Problem to work on → Lines with "that" in the entries below: count them and reply with the number alone.
START Data to use
lemma ping_pong_Gamma:
  "ping_pong roots (\<lambda>u. scaling_conj u T) (\<lambda>u. scaling u ` D1) (\<lambda>u. scaling u ` D2)"
proof
  fix u x
  assume u: "u \<in> roots" and x: "x \<notin> scaling u ` D1"
  have "x = scaling u (scaling (1 / u) x)" using u roots_nonzero by simp
  from image_eqI[of x "scaling u" "scaling (1 / u) x" D1, OF this] x
  have "scaling (1 / u) x \<notin> D1" by blast
  then show "scaling_conj u T x \<in> scaling u ` D2"
    unfolding scaling_conj_apply by (intro imageI T_maps_outside_D1_into_D2)
next
  show "bij (scaling_conj u T)" if "u \<in> roots" for u
    using that by (rule bij_scaling_conj_T)
qed (fact scaling_D1_D2_disjoint scaling_D1_disjoint scaling_D2_disjoint)+

lemma Gamma_eq_id:
  assumes "\<gamma> \<in> \<Gamma>" "p \<in> {None, Some 0}" "\<gamma> p \<in> {None, Some 0}"
  shows "\<gamma> = id"
proof (rule ping_pong_mgen_eq_id[OF ping_pong_Gamma])
  show "\<gamma> \<in> mgen ((\<lambda>u. scaling_conj u T) ` roots)" using assms(1) Gamma_eq by simp
  show "p \<notin> (\<Union>u\<in>roots. scaling u ` D1 \<union> scaling u ` D2)" "\<gamma> p \<notin> (\<Union>u\<in>roots. scaling u ` D1 \<union> scaling u ` D2)"
    using zero_infinity_notin_image_scaling[OF assms(2)] zero_infinity_notin_image_scaling[OF assms(3)]
      roots_nonzero by blast+
qed

lemma id_in_Gamma: "id \<in> \<Gamma>"
  unfolding \<Gamma>_def by (rule mgen_id)

lemma Gamma_comp: "f \<in> \<Gamma> \<Longrightarrow> g \<in> \<Gamma> \<Longrightarrow> f \<circ> g \<in> \<Gamma>"
  unfolding \<Gamma>_def by (rule mgen_comp)

lemma Gamma_inv: "f \<in> \<Gamma> \<Longrightarrow> inv_into UNIV f \<in> \<Gamma>"
  unfolding Gamma_eq by (rule inv_into_mem_mgen) (auto simp: bij_scaling_conj_T)

lemma scaling_conj_T_in_Gamma: "u \<in> roots \<Longrightarrow> scaling_conj u T \<in> \<Gamma>"
  unfolding Gamma_eq by (rule mgen_gen) simp

lemma scaling_conj_inv_T_in_Gamma: "u \<in> roots \<Longrightarrow> scaling_conj u (inv_into UNIV T) \<in> \<Gamma>"
  using Gamma_inv[OF scaling_conj_T_in_Gamma]
  by (simp add: inv_into_scaling_conj bij_T roots_nonzero)

lemma T_in_Gamma: "T \<in> \<Gamma>"
  using scaling_conj_T_in_Gamma[OF one_in_roots] by simp

lemma kleinian_K: "kleinian K"
  using K_kleinian by (simp add: K_def)

lemma K_closed: "id \<in> K" "f \<in> K \<Longrightarrow> g \<in> K \<Longrightarrow> f \<circ> g \<in> K" "f \<in> K \<Longrightarrow> inv_into UNIV f \<in> K"
  using kleinian_K by (simp_all add: kleinian_def)

lemma T_in_K: "T \<in> K"
  unfolding K_def by (rule mgen_gen) simp

lemma Dn_subset_K: "Dn \<subseteq> K"
  unfolding K_def mgen_AB_eq_Dn[symmetric] by (rule mgen_mono) auto

lemma Gamma_subset_K: "\<Gamma> \<subseteq> K"
proof -
  have "scaling_conj u T \<in> K" if "u \<in> roots" for u
  proof -
    have "scaling u \<in> K" "scaling (1 / u) \<in> K"
      using that Dn_subset_K scaling_in_Dn roots_divide[OF one_in_roots] by auto
    then show ?thesis unfolding scaling_conj_def using K_closed(2) T_in_K by blast
  qed
  then show ?thesis
    unfolding Gamma_eq using K_closed by (intro mgen_subset) auto
qed

lemma subgroup_Gamma: "subgroup \<Gamma> (moeb_group K)"
  using Gamma_subset_K Gamma_comp Gamma_inv mgen_id
  by (intro subgroup_moeb_group[OF kleinian_K]) (auto simp: \<Gamma>_def)

lemma kleinian_Gamma: "kleinian \<Gamma>"
  using Gamma_subset_K Gamma_comp Gamma_inv mgen_id
  by (intro kleinian_subgroup[OF kleinian_K]) (auto simp: \<Gamma>_def)

lemma B_comp_scaling_conj_T:
  "u \<noteq> 0 \<Longrightarrow> v \<noteq> 0 \<Longrightarrow>
    (scaling v \<circ> B) \<circ> scaling_conj u T = scaling_conj (v / (u * \<omega>)) T \<circ> (scaling (v / \<omega>) \<circ> B)"
  using omega_nonzero by (intro ext) (simp add: scaling_conj_apply B_scaling B_T field_simps)

lemma B_comp_scaling_conj_inv_T:
  "u \<noteq> 0 \<Longrightarrow> v \<noteq> 0 \<Longrightarrow>
    (scaling v \<circ> B) \<circ> scaling_conj u (inv_into UNIV T) =
      scaling_conj (v / u) (inv_into UNIV T) \<circ> (scaling (v * \<omega>) \<circ> B)"
  using omega_nonzero by (intro ext) (simp add: scaling_conj_apply B_scaling B_inv_T field_simps)

lemma Dn_comp_generator:
  assumes "d \<in> Dn" "u \<in> roots" "f \<in> {T, inv_into UNIV T}"
  shows "\<exists>u'\<in>roots. \<exists>d'\<in>Dn. d \<circ> scaling_conj u f = scaling_conj u' f \<circ> d'"
proof -
  obtain v where v: "v \<in> roots" "d = scaling v \<or> d = scaling v \<circ> B"
    using assms(1) unfolding Dn_iff by blast
  have nz: "u \<noteq> 0" "v \<noteq> 0" using assms(2) v(1) roots_nonzero by auto
  have omega: "\<omega> \<in> roots" using omega_power_in_roots[of 1] by simp
  from v(2) show ?thesis
  proof
    assume "d = scaling v"
    then show ?thesis
      using scaling_comp_scaling_conj[OF nz] roots_mult[OF v(1) assms(2)] scaling_in_Dn[OF v(1)] by blast
  next
    assume d: "d = scaling v \<circ> B"
    show ?thesis
    proof (cases "f = T")
      case True
      have "v / (u * \<omega>) \<in> roots" "v / \<omega> \<in> roots"
        using v(1) assms(2) omega by (auto intro: roots_divide roots_mult)
      then show ?thesis
        using B_comp_scaling_conj_T[OF nz] d True scaling_comp_B_in_Dn by blast
    next
      case False
      with assms(3) have f: "f = inv_into UNIV T" by simp
      have "v / u \<in> roots" "v * \<omega> \<in> roots"
        using v(1) assms(2) omega by (auto intro: roots_divide roots_mult)
      then show ?thesis
        using B_comp_scaling_conj_inv_T[OF nz] d f scaling_comp_B_in_Dn by blast
    qed
  qed
qed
END Data to use
Answer to the exercise → 2